-- Instructions for the task --
Return, from the material below, each line in which the word "also" is present.

--- Records Enclosed Below ---

lemma phi_num_perturb:
  assumes "continuous_on {0..1} \<eta>" "continuous_on {0..1} h" "y \<in> {0..1}"
  shows "phi_num (\<lambda>t. \<eta> t + h t) y = phi_num \<eta> y + phi_num_lin \<eta> h y + phi_num_rem \<eta> h y"
proof -
  have "phi_num (\<lambda>t. \<eta> t + h t) y = integral {0..y} (\<lambda>s. exp_prim \<eta> s
      + integral {0..s} h * exp_prim \<eta> s
      + exp_prim \<eta> s * (exp (integral {0..s} h) - 1 - integral {0..s} h))"
    unfolding phi_num_def
  proof (rule integral_cong)
    fix s
    assume "s \<in> {0..y}"
    then have "s \<in> {0..1}"
      using assms(3) by auto
    then show "exp_prim (\<lambda>t. \<eta> t + h t) s = exp_prim \<eta> s + integral {0..s} h * exp_prim \<eta> s
      + exp_prim \<eta> s * (exp (integral {0..s} h) - 1 - integral {0..s} h)"
      using primitive_add[OF assms(1,2)] by (simp add: exp_prim_def exp_add algebra_simps)
  qed
  also have "\<dots> = phi_num \<eta> y + phi_num_lin \<eta> h y + phi_num_rem \<eta> h y"
  proof -
    have "exp_prim \<eta> integrable_on {0..y}"
      and "(\<lambda>s. integral {0..s} h * exp_prim \<eta> s) integrable_on {0..y}"
      and "(\<lambda>s. exp_prim \<eta> s * (exp (integral {0..s} h) - 1 - integral {0..s} h)) integrable_on {0..y}"
      using assms by (intro integrable_on_unit_subinterval continuous_intros; simp)+
    then show ?thesis
      unfolding phi_num_def phi_num_lin_def phi_num_rem_def by (simp add: integral_add integrable_add)
  qed
  finally show ?thesis .
qed

lemma abs_phi_num_rem_le:
  assumes "continuous_on {0..1} \<eta>" "continuous_on {0..1} h" "y \<in> {0..1}" "c0_norm h \<le> 1"
  shows "\<bar>phi_num_rem \<eta> h y\<bar> \<le> (c0_norm h)\<^sup>2 * phi_num \<eta> y"
  unfolding phi_num_rem_def phi_num_def
proof (rule abs_integral_le_mult_integral)
  fix s
  assume "s \<in> {0..y}"
  then have H: "\<bar>integral {0..s} h\<bar> \<le> c0_norm h"
    using assms abs_primitive_le_c0_norm by auto
  have "\<bar>exp (integral {0..s} h) - 1 - integral {0..s} h\<bar> \<le> (integral {0..s} h)\<^sup>2"
    using H assms(4) by (intro abs_exp_minus_one_minus_le_square) auto
  also have "\<dots> \<le> (c0_norm h)\<^sup>2"
    using H by (metis abs_ge_zero power2_abs power_mono)
  finally show "\<bar>exp_prim \<eta> s * (exp (integral {0..s} h) - 1 - integral {0..s} h)\<bar>
      \<le> (c0_norm h)\<^sup>2 * exp_prim \<eta> s"
    using exp_prim_pos[of \<eta> s] by (simp add: abs_mult mult.commute)
qed (use assms in \<open>intro integrable_on_unit_subinterval continuous_intros; simp\<close>)+
(* Let $\mathcal{M}$ be a non-degenerate exactly solvable operator of order $M\ge2$ and let $U\subset\Omega$ be a simply connected open set. Then every WKB formal solution of $\mathcal{M}v=\eta^Mv$ is pre-Borel-summable in $U$.
   Context: $\mathcal{M}=\sum_{k=1}^{M}\rho_k(z)\frac{d^k}{dz^k}$ with complex polynomials $\rho_k$, $\deg\rho_k\le k$, $\rho_M$ monic of degree $M$; $\Omega=\mathbb{C}\setminus\operatorname{supp}\mu^{\mathcal{M}}$, $\mu^{\mathcal{M}}$ being the weak limit of the root-counting measures of the monic eigenpolynomials of $\mathcal{M}$. $w_1$ is the branch of $\rho_M^{-1/M}$ on $\Omega$ with $w_1\sim1/z$ at $\infty$, $w_j=e^{2\pi i(j-1)/M}w_1$. A WKB formal solution (large parameter $\eta>0$) is a formal solution $\eta^{-1/2}\exp(\int_{z^*}^zS(\zeta,\eta)d\zeta)=\exp(\eta\int_{z^*}^zS_0)\sum_{n\ge0}f_n(z)\eta^{-(n+1/2)}$ with $S=\sum_{k\ge0}S_k\eta^{1-k}$, $S_0=w_j$ for some $j$, and $S_k$ holomorphic, determined recursively. A formal series $\exp(\eta\zeta(z))\sum_{n\ge0}f_n(z)\eta^{-(n+1/2)}$ with $\zeta,f_n$ holomorphic in $U$ is pre-Borel-summable in $U$ if for each compact $K\subset U$ there are constants $A_K,C_K$ with $\sup_K|f_n|<A_KC_K^n\Gamma(1+n)$ for all $n$. *)

theory Defs
  imports "HOL-Analysis.Analysis" "HOL-Computational_Algebra.Polynomial"
    "HOL-Computational_Algebra.Formal_Power_Series"
begin

definition op_poly :: "(nat \<Rightarrow> complex poly) \<Rightarrow> nat \<Rightarrow> complex poly \<Rightarrow> complex poly" where
  "op_poly \<rho> Mo p = (\<Sum>k=1..Mo. \<rho> k * (pderiv ^^ k) p)"

definition nondeg_exactly_solvable :: "(nat \<Rightarrow> complex poly) \<Rightarrow> nat \<Rightarrow> bool" where
  "nondeg_exactly_solvable \<rho> Mo \<longleftrightarrow>
     (\<forall>k\<in>{1..Mo}. degree (\<rho> k) \<le> k) \<and> degree (\<rho> Mo) = Mo \<and> lead_coeff (\<rho> Mo) = 1"

definition monic_eigenpoly :: "(nat \<Rightarrow> complex poly) \<Rightarrow> nat \<Rightarrow> nat \<Rightarrow> complex poly \<Rightarrow> bool" where
  "monic_eigenpoly \<rho> Mo n p \<longleftrightarrow> degree p = n \<and> lead_coeff p = 1 \<and>
     (\<exists>c::complex. op_poly \<rho> Mo p = smult c p)"

definition root_count_integral :: "complex poly \<Rightarrow> (complex \<Rightarrow> real) \<Rightarrow> real" where
  "root_count_integral p f =
     (\<Sum>x\<in>{x. poly p x = 0}. real (order x p) * f x) / real (degree p)"

definition is_root_limit_measure :: "(nat \<Rightarrow> complex poly) \<Rightarrow> nat \<Rightarrow> complex measure \<Rightarrow> bool" where
  "is_root_limit_measure \<rho> Mo \<mu> \<longleftrightarrow> finite_measure \<mu> \<and> sets \<mu> = sets borel \<and>
     (\<forall>p :: nat \<Rightarrow> complex poly. (\<forall>\<^sub>F n in sequentially. monic_eigenpoly \<rho> Mo n (p n)) \<longrightarrow>
        (\<forall>f :: complex \<Rightarrow> real. continuous_on UNIV f \<and> bounded (range f) \<longrightarrow>
           (\<lambda>n. root_count_integral (p n) f) \<longlonglongrightarrow> integral\<^sup>L \<mu> f))"

definition msupp :: "complex measure \<Rightarrow> complex set" where
  "msupp \<mu> = {z. \<forall>e>0. emeasure \<mu> (ball z e) > 0}"

text \<open>Coefficients Y k n of Y_k = eps^k P_k(S), where P_0 = 1, P_{k+1} = S P_k + d/dz P_k,
  S = sum_i S_i eta^(1-i), eps = 1/eta; Y_0 = 1, Y_{k+1} = T Y_k + eps d/dz Y_k, T = sum_i S_i eps^i.\<close>
primrec wkb_Y :: "(nat \<Rightarrow> complex \<Rightarrow> complex) \<Rightarrow> nat \<Rightarrow> nat \<Rightarrow> complex \<Rightarrow> complex" where
  "wkb_Y S 0 n z = (if n = 0 then 1 else 0)"
| "wkb_Y S (Suc k) n z =
     (\<Sum>i\<le>n. S i z * wkb_Y S k (n - i) z) +
     (if n = 0 then 0 else deriv (wkb_Y S k (n - 1)) z)"

text \<open>S solves the Riccati-type equation sum_{k=1}^{Mo} rho_k P_k(S) = eta^Mo formally on U,
  i.e. sum_k rho_k eps^(Mo-k) Y_k = 1 as power series in eps.\<close>
definition wkb_eq :: "(nat \<Rightarrow> complex poly) \<Rightarrow> nat \<Rightarrow> complex set \<Rightarrow> (nat \<Rightarrow> complex \<Rightarrow> complex) \<Rightarrow> bool" where
  "wkb_eq \<rho> Mo U S \<longleftrightarrow> (\<forall>z\<in>U. \<forall>n.
     (\<Sum>k\<in>{k\<in>{1..Mo}. Mo - k \<le> n}. poly (\<rho> k) z * wkb_Y S k (n - (Mo - k)) z)
       = (if n = 0 then 1 else 0))"

text \<open>Coefficients f_n with eta^(-1/2) exp(int S) = exp(eta G_0) sum_n f_n eta^(-(n+1/2)),
  G_k the primitive of S_k vanishing at the base point.\<close>
definition wkb_f :: "(nat \<Rightarrow> complex \<Rightarrow> complex) \<Rightarrow> nat \<Rightarrow> complex \<Rightarrow> complex" where
  "wkb_f G n z = exp (G 1 z) *
     fps_nth (fps_compose (fps_exp 1) (Abs_fps (\<lambda>m. if m = 0 then 0 else G (m + 1) z))) n"

text \<open>Pre-Borel-summability of exp(eta zeta) sum f_n eta^(-(n+1/2)) in U.\<close>
definition pre_borel_summable :: "complex set \<Rightarrow> (complex \<Rightarrow> complex) \<Rightarrow> (nat \<Rightarrow> complex \<Rightarrow> complex) \<Rightarrow> bool" where
  "pre_borel_summable U \<zeta> f \<longleftrightarrow> \<zeta> holomorphic_on U \<and> (\<forall>n. f n holomorphic_on U) \<and>
     (\<forall>K. compact K \<and> K \<subseteq> U \<longrightarrow>
        (\<exists>A C::real. \<forall>n. \<forall>z\<in>K. norm (f n z) < A * C ^ n * fact n))"

end

theory Submission
  imports Defs "HOL-Complex_Analysis.Complex_Analysis"
begin

text \<open>Expanding \<open>S = \<Sum> S\<^sub>n \<epsilon>^n\<close> with \<open>\<epsilon> = 1/\<eta>\<close>, only the top order term \<open>\<rho>\<^sub>M Y\<^sub>M\<close> of the
  coefficient of \<open>\<epsilon>^n\<close> in the Riccati equation involves \<open>S\<^sub>n\<close>, and since \<open>\<rho>\<^sub>M S\<^sub>0^M = 1\<close>
  this expresses \<open>S\<^sub>n\<close> through the \<open>S\<^sub>i\<close> with \<open>i < n\<close> and their derivatives. On a disc of
  radius \<open>R\<close>, with \<open>d(z) = R - |z - z\<^sub>0|\<close>, Nagumo's form of the Cauchy inequality turns
  \<open>|f| d^p \<le> b\<close> into \<open>|f'| d^(p+1) \<le> 6 (p+1) b\<close>; an induction on \<open>n\<close> then gives
  \<open>|S\<^sub>n| d^n \<le> \<gamma> K^n n!\<close> once \<open>\<gamma>\<close> is small and \<open>K\<close> large. So \<open>S\<close> is Gevrey-1 near every
  point; the primitives \<open>G\<^sub>k\<close>, normalised at the base point, inherit this along chains of
  discs in the connected set \<open>U\<close>, compactness makes the bound uniform, and the exponential of a
  Gevrey-1 series is Gevrey-1, which bounds the coefficients \<open>f\<^sub>n\<close>.\<close>

section \<open>Factorial estimates and the exponential of a Gevrey series\<close>

lemma fact_mult_fact_le_fact:
  assumes "i \<le> n"
  shows "fact i * fact (n - i) \<le> (fact n :: real)"
proof -
  have "fact i * fact (n - i) dvd (fact n :: nat)"
    using assms fact_fact_dvd_fact[of i "n - i"] by simp
  then have "fact i * fact (n - i) \<le> (fact n :: nat)"
    by (intro dvd_imp_le) auto
  then show ?thesis
    by (metis of_nat_fact of_nat_le_iff of_nat_mult)
qed

lemma fact_mult_fact_le_fact_pred:
  assumes a: "1 \<le> a" and b: "1 \<le> b"
  shows "fact a * fact b \<le> (fact (a + b - 1) :: real)"
  using b
proof (induction b rule: nat_induct_at_least)
  case base
  then show ?case using a by simp
next
  case (Suc b)
  have "fact a * fact (Suc b) = real (Suc b) * (fact a * fact b)"
    by (simp add: algebra_simps)
  also have "\<dots> \<le> real (a + b) * fact (a + b - 1)"
    using Suc a by (intro mult_mono) auto
  also have "\<dots> = fact (a + Suc b - 1)"
    using Suc a by (simp add: fact_reduce[of "a + b"])
  finally show ?case .
qed

lemma sum_fact_mult_fact_le_fact:
  assumes "1 \<le> m"
  shows "(\<Sum>i\<in>{1..<m}. fact i * fact (m - i)) \<le> (fact m :: real)"
proof -
  have "(\<Sum>i\<in>{1..<m}. fact i * fact (m - i)) \<le> (\<Sum>i\<in>{1..<m}. (fact (m - 1) :: real))"
  proof (rule sum_mono)
    fix i assume "i \<in> {1..<m}"
    then show "fact i * fact (m - i) \<le> (fact (m - 1) :: real)"
      using fact_mult_fact_le_fact_pred[of i "m - i"] by auto
  qed
  also have "\<dots> \<le> real m * fact (m - 1)"
    by (simp add: mult_right_mono)
  also have "\<dots> = fact m"
    using assms by (simp add: fact_reduce[of m])
  finally show ?thesis .
qed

--- End of Enclosed Records ---

-- Answer section --
  also have "\<dots> = phi_num \<eta> y + phi_num_lin \<eta> h y + phi_num_rem \<eta> h y"
  also have "\<dots> \<le> (c0_norm h)\<^sup>2"
  also have "\<dots> \<le> real (a + b) * fact (a + b - 1)"
  also have "\<dots> = fact (a + Suc b - 1)"
  also have "\<dots> \<le> real m * fact (m - 1)"
  also have "\<dots> = fact m"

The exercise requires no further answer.